The Market is setting new highs on a weekly basis. While there is still more fuel in the pipeline in the form of tax cuts, and continued low long term rates, the market is now almost nine years long. Eventually gravity will take its toll on the market. Are you ready?
What are some strategies that an investor can deploy and still take advantage of market growth? Some strategies get rather exotic, and actually take time and care to deploy. For those worried about a market correction, here are three strategies that are fairly painless, and will help you sleep better at night!
Here are three strategies for withstanding a market correction that are fairly painless, and will help you sleep better at night!
1. Diversify (but with a twist) – Every investment textbook touts the benefits of reducing risk by investing in multiple stocks in diverse AND non-correlated industries. The twist is to avoid industries that either won’t benefit from the tax cut, or that may have become overvalued without any upside impetus. A good example is utilities. Utilities have benefited from lowering energy prices over the last five years. That direction appears to be at an end, and most utilities will be mandated to pass the benefits of the tax cut on to their customers in the form of lower prices. Find industries that will continue to benefit from the strong economy, and that have trapped earnings overseas.

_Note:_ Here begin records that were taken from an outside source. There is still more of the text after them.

lemma sums_S_term_residue_class:
  assumes "2 < p" "r < p"
  shows "(\<lambda>q. S_term p (p * q + r)) sums
    (S_tele_weight p r / (real r + 1) / (2 * real p ^ 2 * (real p - 1))
     - S_digamma_weight p r
         * (Digamma ((real r + real p) / real p) - Digamma ((real r + 2) / real p))
       / (2 * real p ^ 2 * (real p - 1) * (real p - 2)))"
proof -
  have p: "0 < real p" "real p - 1 \<noteq> 0" "real p - 2 \<noteq> 0" using assms by simp_all
  define c where "c = S_tele_weight p r / (2 * real p ^ 2 * (real p - 1))"
  define d where "d = S_digamma_weight p r / (2 * real p * (real p - 1) * (real p - 2))"
  have "(real r + 1 + real p) / real p = (real r + 1) / real p + 1"
    using p by (simp add: field_simps)
  then have tele: "(Digamma ((real r + 1 + real p) / real p) - Digamma ((real r + 1) / real p))
      / real p = 1 / (real r + 1)"
    using p by (simp add: Digamma_plus1)
  have "S_term p (p * q + r) =
    c * (1 / (real p * real q + (real r + 1)) - 1 / (real p * real q + (real r + 1 + real p)))
    - d * (1 / (real p * real q + (real r + 2)) - 1 / (real p * real q + (real r + real p)))"
    for q
    using S_term_partial_fractions[OF assms(1), of "p * q + r"] assms(2)
    unfolding c_def d_def by (simp add: algebra_simps)
  moreover have "(\<lambda>q.
      c * (1 / (real p * real q + (real r + 1)) - 1 / (real p * real q + (real r + 1 + real p)))
    - d * (1 / (real p * real q + (real r + 2)) - 1 / (real p * real q + (real r + real p)))) sums
    (c * (1 / (real r + 1))
     - d * ((Digamma ((real r + real p) / real p) - Digamma ((real r + 2) / real p)) / real p))"
    using sums_diff[OF
      sums_mult[OF sums_inverse_diff_Digamma[OF p(1), of "real r + 1" "real r + 1 + real p"], of c]
      sums_mult[OF sums_inverse_diff_Digamma[OF p(1), of "real r + 2" "real r + real p"], of d]]
      p(1)
    by (simp add: tele)
  moreover have "c * (1 / (real r + 1))
     - d * ((Digamma ((real r + real p) / real p) - Digamma ((real r + 2) / real p)) / real p)
    = S_tele_weight p r / (real r + 1) / (2 * real p ^ 2 * (real p - 1))
     - S_digamma_weight p r
         * (Digamma ((real r + real p) / real p) - Digamma ((real r + 2) / real p))
       / (2 * real p ^ 2 * (real p - 1) * (real p - 2))"
    using p unfolding c_def d_def by (simp add: power2_eq_square field_simps)
  ultimately show ?thesis
    by simp
qed

lemma S_eq_Digamma_sum:
  assumes "2 < p"
  shows "S p = (\<Sum>r<p. S_tele_weight p r / (real r + 1)) / (2 * real p ^ 2 * (real p - 1))
    - (\<Sum>r<p. S_digamma_weight p r *
         (Digamma ((real r + real p) / real p) - Digamma ((real r + 2) / real p)))
      / (2 * real p ^ 2 * (real p - 1) * (real p - 2))"
proof -
  have "(\<lambda>q. \<Sum>r<p. S_term p (p * q + r)) sums (\<Sum>r<p.
    S_tele_weight p r / (real r + 1) / (2 * real p ^ 2 * (real p - 1))
     - S_digamma_weight p r
         * (Digamma ((real r + real p) / real p) - Digamma ((real r + 2) / real p))
       / (2 * real p ^ 2 * (real p - 1) * (real p - 2)))"
    using sums_S_term_residue_class[OF assms] by (intro sums_sum) simp
  with sums_S_blocks[of p] assms show ?thesis
    by (simp add: sums_unique2 sum_subtractf sum_divide_distrib)
qed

2. Stop Losses – If you feel the market correction coming, you can put in some stop loss orders. The good news is that your portfolio should have nice increases across the board. Put in a stop loss sell order on some of your bigger holdings which have had a nice runup. By doing this, your broker will automatically sell some of your positions in the event of a correction, and give you cash available to put back into the market when it stabilizes
3. Put Options – If you really are losing sleep about a market correctoin and still want to put a floor under your portfolio, investigate buying a put option on one of the big market indexes. Put options give you the right to sell a stock, and profit when a stock (or in this case an index) goes down. Many people call it portfolio insurance.
Obviously, there are plenty of reasons to think that the market has continued upside. The smart investor, however, should think about how their portfolio is positioned, and ensure that there is some downside protection. It may cost some money to put these transactions in place, but the benefits are many. A well diversified portfolio with downside protection can help you invest confidently, and not worry at night!